The v3 automation system uses a see-then-interact workflow:

See - Capture the screen and identify UI elements
Interact - Click, type, scroll, or perform other actions
Verify - Capture again to confirm the action succeeded

🎯 The `see` Tool - UI Element Discovery

The see tool is the foundation of GUI automation. It captures a screenshot and identifies all interactive UI elements, assigning them unique Peekaboo IDs.

// Example: See what's on screen
await see({ app_target: "Safari" })

// Multi-screen support - capture all screens
await see({ app_target: "" })  // Empty string captures all screens

// Capture specific screen by index
await see({ app_target: "screen:0" })  // Primary screen
await see({ app_target: "screen:1" })  // Second screen

// Returns:
{
  screenshot_path: "/tmp/peekaboo_123.png",
  session_id: "session_456",
  elements: {
    buttons: [
      { id: "B1", label: "Submit", bounds: { x: 100, y: 200, width: 80, height: 30 } },
      { id: "B2", label: "Cancel", bounds: { x: 200, y: 200, width: 80, height: 30 } }
    ],
    text_fields: [
      { id: "T1", label: "Email", value: "", bounds: { x: 100, y: 100, width: 200, height: 30 } },
      { id: "T2", label: "Password", value: "", bounds: { x: 100, y: 150, width: 200, height: 30 } }
    ],
    links: [
      { id: "L1", label: "Forgot password?", bounds: { x: 100, y: 250, width: 120, height: 20 } }
    ],
    // ... other elements
  }
}

Discovering Available Screens

Before capturing specific screens, you can list all connected displays:

# List all screens with details
peekaboo list screens

# Example output:
# Screens (3 total):
# 
# 0. Built-in Display (Primary)
#    Resolution: 3008×1692
#    Position: 0,0
#    Scale: 2.0x (Retina)
#    Visible Area: 3008×1612
# 
# 1. External Display
#    Resolution: 3840×2160
#    Position: 3008,0
#    Scale: 2.0x (Retina)
# 
# 2. Studio Display
#    Resolution: 5120×2880
#    Position: -5120,0
#    Scale: 2.0x (Retina)
# 
# 💡 Use 'peekaboo see --screen-index N' to capture a specific screen

# Get JSON output for scripting
peekaboo list screens --json-output

This command shows:

Screen index: Use with see --screen-index or image --screen-index
Display name: Built-in, External, or specific model names
Resolution: Full screen resolution
Position: Coordinates in the unified desktop space
Scale factor: Retina display information
Visible area: Usable area (excluding menu bar on primary screen)

Multi-Screen Capture

When capturing multiple screens, Peekaboo automatically saves each screen as a separate file:

Primary screen: screenshot.png
Additional screens: screenshot_screen1.png, screenshot_screen2.png, etc.

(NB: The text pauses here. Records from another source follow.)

lemma scaled_sq_add_inverse_eq:
  fixes a b :: real
  assumes "a * b \<noteq> 0" and "1 + a * b\<^sup>2 \<noteq> 0"
  shows "(a * b)\<^sup>2 / (1 + a * b\<^sup>2) * (1 / (a * b) + b)\<^sup>2 = 1 + a * b\<^sup>2"
proof -
  have "1 / (a * b) + b = (1 + a * b\<^sup>2) / (a * b)"
    using assms(1) by (simp add: field_simps power2_eq_square)
  thus ?thesis
    using assms by (simp add: power_divide power2_eq_square)
qed

lemma prod_max_sq_eq_prod_active:
  fixes lam s :: "nat \<Rightarrow> real"
  assumes "\<And>i. i < n \<Longrightarrow> lam i \<ge> 0"
  shows "(\<Prod>i=0..<n. 1 + lam i * (max (s i - \<epsilon>) 0)\<^sup>2)
    = (\<Prod>i\<in>{i. i < n \<and> lam i > 0 \<and> s i > \<epsilon>}. 1 + lam i * (s i - \<epsilon>)\<^sup>2)"
proof -
  have "(\<Prod>i=0..<n. 1 + lam i * (max (s i - \<epsilon>) 0)\<^sup>2)
      = (\<Prod>i\<in>{i. i < n \<and> lam i > 0 \<and> s i > \<epsilon>}. 1 + lam i * (max (s i - \<epsilon>) 0)\<^sup>2)"
  proof (rule prod.mono_neutral_right)
    show "\<forall>i\<in>{0..<n} - {i. i < n \<and> lam i > 0 \<and> s i > \<epsilon>}. 1 + lam i * (max (s i - \<epsilon>) 0)\<^sup>2 = 1"
    proof
      fix i assume "i \<in> {0..<n} - {i. i < n \<and> lam i > 0 \<and> s i > \<epsilon>}"
      hence "lam i = 0 \<or> s i \<le> \<epsilon>"
        using assms[of i] by force
      thus "1 + lam i * (max (s i - \<epsilon>) 0)\<^sup>2 = 1"
        by auto
    qed
  qed auto
  thus ?thesis
    by simp
qed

Display information (name, resolution) is shown for each captured screen:

📸 Captured 3 screens:
   🖥️  Display 0: Built-in Retina Display (2880×1800) → screenshot.png
   🖥️  Display 1: LG Ultra HD (3840×2160) → screenshot_screen1.png
   🖥️  Display 2: Studio Display (5120×2880) → screenshot_screen2.png

Note: Annotation is automatically disabled for full screen captures due to performance constraints.

Element ID Format

B1, B2... - Buttons
T1, T2... - Text fields/areas
L1, L2... - Links
G1, G2... - Groups/containers
I1, I2... - Images
S1, S2... - Sliders
C1, C2... - Checkboxes/toggles
M1, M2... - Menu items

🖱️ The `click` Tool

Click on UI elements using various targeting methods:

// Click by element ID from see command
await click({ on: "B1" })

// Click by query (searches button labels)
await click({ query: "Submit" })

// Click by coordinates
await click({ coords: "450,300" })

// Double-click
await click({ on: "I1", double: true })

// Right-click
await click({ query: "File", right: true })

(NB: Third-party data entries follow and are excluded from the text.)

(* Let $(C,D)$ define an irreducible MSPP (a MAP with $C$ diagonal). Then the squared coefficient of variation of the event-stationary inter-event time satisfies $c^2\ge 1$; equivalently $\boldsymbol{\pi}C\mathbf{1}\,\boldsymbol{\pi}C^{-1}\mathbf{1}\ge 1$.
   Context: A Markovian arrival process (MAP) of order $p$ is specified by $p\times p$ real matrices $C$ and $D$ such that $D$ has nonnegative entries, $C$ has nonnegative off-diagonal entries, and $Q=C+D$ is the generator (row sums zero) of an irreducible continuous-time Markov chain on $\{1,\dots,p\}$; $C$ is assumed nonsingular. An MSPP is a MAP with $C$ diagonal. $\mathbf{1}$ is the all-ones column vector; $\boldsymbol{\pi}$ is the stationary distribution of $Q$; $\boldsymbol{\alpha}$ is the stationary distribution of $P=(-C)^{-1}D$. The event-stationary inter-event time $T_1^{\alpha}$ has $\mathbb{P}(T_1^{\alpha}>t)=\boldsymbol{\alpha}e^{Ct}\mathbf{1}$, and $c^2=\mathrm{Var}(T_1^{\alpha})/\mathbb{E}^2[T_1^{\alpha}]$, which satisfies $c^2+1=2\,\boldsymbol{\pi}C\mathbf{1}\,\boldsymbol{\pi}C^{-1}\mathbf{1}$. *)

theory Defs
  imports "HOL-Analysis.Analysis"
begin

definition generator :: "real^'n^'n \<Rightarrow> bool" where
  "generator Q \<longleftrightarrow> (\<forall>i j. i \<noteq> j \<longrightarrow> Q $ i $ j \<ge> 0) \<and> (\<forall>i. (\<Sum>j\<in>UNIV. Q $ i $ j) = 0)"

definition irreducible_generator :: "real^'n^'n \<Rightarrow> bool" where
  "irreducible_generator Q \<longleftrightarrow> generator Q \<and>
     (\<forall>i j. (i, j) \<in> {(a, b). a \<noteq> b \<and> Q $ a $ b > 0}\<^sup>*)"

definition is_MAP :: "real^'n^'n \<Rightarrow> real^'n^'n \<Rightarrow> bool" where
  "is_MAP C D \<longleftrightarrow> (\<forall>i j. D $ i $ j \<ge> 0) \<and> (\<forall>i j. i \<noteq> j \<longrightarrow> C $ i $ j \<ge> 0)
     \<and> irreducible_generator (C + D) \<and> invertible C"

definition is_MSPP :: "real^'n^'n \<Rightarrow> real^'n^'n \<Rightarrow> bool" where
  "is_MSPP C D \<longleftrightarrow> is_MAP C D \<and> (\<forall>i j. i \<noteq> j \<longrightarrow> C $ i $ j = 0)"

definition stationary_dist :: "real^'n^'n \<Rightarrow> real^'n \<Rightarrow> bool" where
  "stationary_dist Q p \<longleftrightarrow> (\<forall>i. p $ i \<ge> 0) \<and> (\<Sum>i\<in>UNIV. p $ i) = 1 \<and> p v* Q = 0"

end

theory Submission
  imports Defs
begin

text \<open>Rows of C + D sum to zero and D is nonnegative, so the diagonal matrix C, being
  invertible, has negative diagonal -w. The two factors are then (\<Sum>i. p i w i) and
  (\<Sum>i. p i / w i), and their product is at least (\<Sum>i. p i)^2 = 1 by Cauchy-Schwarz
  applied to the vectors sqrt(p w) and sqrt(p / w).\<close>

lemma sum_squared_le_sum_mult_sum_divide:
  fixes p w :: "'a \<Rightarrow> real"
  assumes p: "\<And>i. i \<in> I \<Longrightarrow> p i \<ge> 0" and w: "\<And>i. i \<in> I \<Longrightarrow> w i > 0"
  shows "(\<Sum>i\<in>I. p i)\<^sup>2 \<le> (\<Sum>i\<in>I. p i * w i) * (\<Sum>i\<in>I. p i / w i)"
proof -
  have "(\<Sum>i\<in>I. sqrt (p i * w i) * sqrt (p i / w i))\<^sup>2
          \<le> (\<Sum>i\<in>I. (sqrt (p i * w i))\<^sup>2) * (\<Sum>i\<in>I. (sqrt (p i / w i))\<^sup>2)"
    by (rule Cauchy_Schwarz_ineq_sum)
  moreover have "sqrt (p i * w i) * sqrt (p i / w i) = p i" if "i \<in> I" for i
    using p[OF that] w[OF that] by (simp flip: real_sqrt_mult)
  moreover have "(sqrt (p i * w i))\<^sup>2 = p i * w i" "(sqrt (p i / w i))\<^sup>2 = p i / w i"
    if "i \<in> I" for i
    using p[OF that] w[OF that] by simp_all
  ultimately show ?thesis
    by (simp cong: sum.cong)
qed

lemma matrix_mul_matrix_inv:
  fixes A :: "'a::semiring_1^'n^'m"
  assumes "invertible A"
  shows "A ** matrix_inv A = mat 1"
  using assms unfolding invertible_def matrix_inv_def by (rule someI_ex[THEN conjunct1])

lemma matrix_vector_mult_diagonal:
  fixes A :: "'a::semiring_1^'n^'n"
  assumes "\<And>i j. i \<noteq> j \<Longrightarrow> A $ i $ j = 0"
  shows "A *v x = (\<chi> i. A $ i $ i * x $ i)"
proof -
  have "(\<Sum>j\<in>UNIV. A $ i $ j * x $ j) = A $ i $ i * x $ i" for i
    using assms by (subst sum.remove[of _ i]) auto
  then show ?thesis
    by (simp add: matrix_vector_mult_def vec_eq_iff)
qed

lemma matrix_inv_diagonal_mult:
  fixes A :: "'a::field^'n^'n"
  assumes diag: "\<And>i j. i \<noteq> j \<Longrightarrow> A $ i $ j = 0" and "invertible A"
  shows diagonal_invertible_nonzero: "A $ i $ i \<noteq> 0"
    and "matrix_inv A *v x = (\<chi> i. x $ i / A $ i $ i)"
proof -
  have inverse_entry: "A $ i $ i * (matrix_inv A *v y) $ i = y $ i" for i y
  proof -
    have "A *v (matrix_inv A *v y) = y"
      by (simp add: matrix_vector_mul_assoc matrix_mul_matrix_inv[OF \<open>invertible A\<close>])
    then show ?thesis
      by (simp add: matrix_vector_mult_diagonal[OF diag] vec_eq_iff)
  qed
  have nonzero: "A $ i $ i \<noteq> 0" for i
    using inverse_entry[of i "vec 1"] by auto
  then show "A $ i $ i \<noteq> 0" .
  show "matrix_inv A *v x = (\<chi> i. x $ i / A $ i $ i)"
    using inverse_entry[of _ x] nonzero by (simp add: vec_eq_iff field_simps)
qed

lemma MAP_sum_row_C_nonpos:
  assumes "is_MAP C D"
  shows "(\<Sum>j\<in>UNIV. C $ i $ j) \<le> 0"
proof -
  have "(\<Sum>j\<in>UNIV. C $ i $ j) + (\<Sum>j\<in>UNIV. D $ i $ j) = 0"
    using assms
    by (simp add: is_MAP_def irreducible_generator_def generator_def sum.distrib)
  moreover have "(\<Sum>j\<in>UNIV. D $ i $ j) \<ge> 0"
    using assms by (simp add: is_MAP_def sum_nonneg)
  ultimately show ?thesis by linarith
qed

lemma MSPP_diagonal_neg:
  assumes "is_MSPP C D"
  shows "C $ i $ i < 0"
proof -
  have diag: "\<And>i j. i \<noteq> j \<Longrightarrow> C $ i $ j = 0" and MAP: "is_MAP C D"
    using assms by (auto simp: is_MSPP_def)
  have "(\<Sum>j\<in>UNIV. C $ i $ j) = C $ i $ i"
    using diag by (subst sum.remove[of _ i]) auto
  moreover have "C $ i $ i \<noteq> 0"
    using MAP diag by (simp add: is_MAP_def diagonal_invertible_nonzero)
  ultimately show ?thesis
    using MAP_sum_row_C_nonpos[OF MAP, of i] by linarith
qed

theorem corollary1:
  fixes C D :: "real^'n^'n" and p :: "real^'n"
  assumes "is_MSPP C D"
    and "stationary_dist (C + D) p"
  shows "(p \<bullet> (C *v vec 1)) * (p \<bullet> (matrix_inv C *v vec 1)) \<ge> 1"
proof -
  define w where "w i = - C $ i $ i" for i
  have w_pos: "w i > 0" for i
    using MSPP_diagonal_neg[OF assms(1)] by (simp add: w_def)
  have diag: "\<And>i j. i \<noteq> j \<Longrightarrow> C $ i $ j = 0" and "invertible C"
    using assms(1) by (auto simp: is_MSPP_def is_MAP_def)
  have "p \<bullet> (C *v vec 1) = - (\<Sum>i\<in>UNIV. p $ i * w i)"
    by (simp add: matrix_vector_mult_diagonal[OF diag] inner_vec_def w_def sum_negf[symmetric])
  moreover have "p \<bullet> (matrix_inv C *v vec 1) = - (\<Sum>i\<in>UNIV. p $ i / w i)"
    by (simp add: matrix_inv_diagonal_mult[OF diag \<open>invertible C\<close>] inner_vec_def w_def
        sum_negf[symmetric])
  moreover have "(\<Sum>i\<in>UNIV. p $ i)\<^sup>2 \<le> (\<Sum>i\<in>UNIV. p $ i * w i) * (\<Sum>i\<in>UNIV. p $ i / w i)"
    using assms(2) w_pos by (intro sum_squared_le_sum_mult_sum_divide) (auto simp: stationary_dist_def)
  moreover have "(\<Sum>i\<in>UNIV. p $ i) = 1"
    using assms(2) by (simp add: stationary_dist_def)
  ultimately show ?thesis by simp
qed

end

// With custom wait timeout
await click({ query: "Save", wait_for: 10000 })

⌨️ The `type` Tool

Type text with support for escape sequences:

// Type into a specific field
await type({ text: "user@example.com", on: "T1" })

// Type at current focus
await type({ text: "Hello world" })

// Clear existing text first
await type({ text: "New text", on: "T2", clear: true })

// Use escape sequences
await type({ text: "Line 1\nLine 2\nLine 3" })         // Newlines
await type({ text: "Name:\tJohn\tDoe" })                // Tabs
await type({ text: "Path: C:\\data\\file.txt" })        // Literal backslash

// Press return after typing
await type({ text: "Submit", press_return: true })

// Adjust typing speed
await type({ text: "Slow typing", delay: 100 })

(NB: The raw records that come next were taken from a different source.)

theorem corollary1:
  fixes c_TX \<phi> lam V :: real and B :: nat
  assumes "c_TX > 0" and "\<phi> > 0" and "B \<ge> 1"
    and "lam > 0" and "lam \<le> 1 / (1 + sqrt (\<phi> / c_TX))^2"
    and "0 < V" and "V \<le> 1"
  shows "(V > v_th (\<phi> / c_TX) lam \<longrightarrow>
           myopic_minimizers B (\<phi> / c_TX) lam V
             = {(1, 1 / sqrt (lam * (\<phi> / c_TX)) - 1 / V)})
       \<and> (V < v_th (\<phi> / c_TX) lam \<longrightarrow>
           myopic_minimizers B (\<phi> / c_TX) lam V = {(0, S) | S. S \<ge> 0})
       \<and> (V = v_th (\<phi> / c_TX) lam \<longrightarrow>
           myopic_minimizers B (\<phi> / c_TX) lam V
             = insert (1, 1 / sqrt (lam * (\<phi> / c_TX)) - 1 / V) {(0, S) | S. S \<ge> 0})"
proof -
  define \<theta> where "\<theta> = \<phi> / c_TX"
  define s where "s = sqrt (lam * \<theta>)"
  have \<theta>: "\<theta> > 0"
    using assms(1,2) by (simp add: \<theta>_def)
  have s: "s > 0" "s\<^sup>2 = lam * \<theta>"
    using \<theta> assms(4) by (simp_all add: s_def)
  have "s < v_th \<theta> lam"
    using idle_minus_active_value(3)[OF \<theta> assms(4,6)] by (simp add: s_def)
  note compare = active_value_vs_idle[OF \<theta> assms(4,6), folded s_def]
  have "v_th \<theta> lam < V \<Longrightarrow> myopic_minimizers B \<theta> lam V = {(1, 1 / s - 1 / V)}"
    using compare(1) \<open>s < v_th \<theta> lam\<close>
    by (intro myopic_minimizers_active[OF s(2,1) assms(4) _ assms(3)]) auto
  moreover have "V < v_th \<theta> lam \<Longrightarrow> myopic_minimizers B \<theta> lam V = {(0, S) | S. S \<ge> 0}"
    using myopic_obj_active_gt_idle_below_v_th[OF \<theta> assms(4,6)] by (intro myopic_minimizers_idle)
  moreover have "V = v_th \<theta> lam
      \<Longrightarrow> myopic_minimizers B \<theta> lam V = insert (1, 1 / s - 1 / V) {(0, S) | S. S \<ge> 0}"
    using compare(2) \<open>s < v_th \<theta> lam\<close>
    by (intro myopic_minimizers_tie[OF s(2,1) assms(4) _ assms(3)]) auto
  ultimately show ?thesis
    unfolding \<theta>_def s_def by blast
qed

end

Supported Escape Sequences

\n - Newline/return
\t - Tab
\b - Backspace/delete
\e - Escape
\\ - Literal backslash

🔑 The `press` Tool

Press individual keys or key sequences:

// Press single keys
await press({ key: "return" })                          // Press Enter
await press({ key: "tab", count: 3 })                   // Press Tab 3 times
await press({ key: "escape" })                          // Press Escape

// Navigation keys
await press({ key: "up" })                             // Arrow up
await press({ key: "down", count: 5 })                 // Arrow down 5 times
await press({ key: "home" })                           // Home key
await press({ key: "end" })                            // End key

// Function keys
await press({ key: "f1" })                             // F1 help key
await press({ key: "f11" })                            // F11 full screen

// Special keys
await press({ key: "forward_delete" })                 // Forward delete (fn+delete)
await press({ key: "caps_lock" })                      // Caps Lock

Available Keys

Navigation: up, down, left, right, home, end, pageup, pagedown
Editing: delete (backspace), forward_delete, clear
Control: return, enter, tab, escape, space
Function: f1-f12
Special: caps_lock, help

📜 The `scroll` Tool

Scroll content in any direction:

// Scroll down 3 ticks (default)
await scroll({ direction: "down" })

// Scroll up 5 ticks
await scroll({ direction: "up", amount: 5 })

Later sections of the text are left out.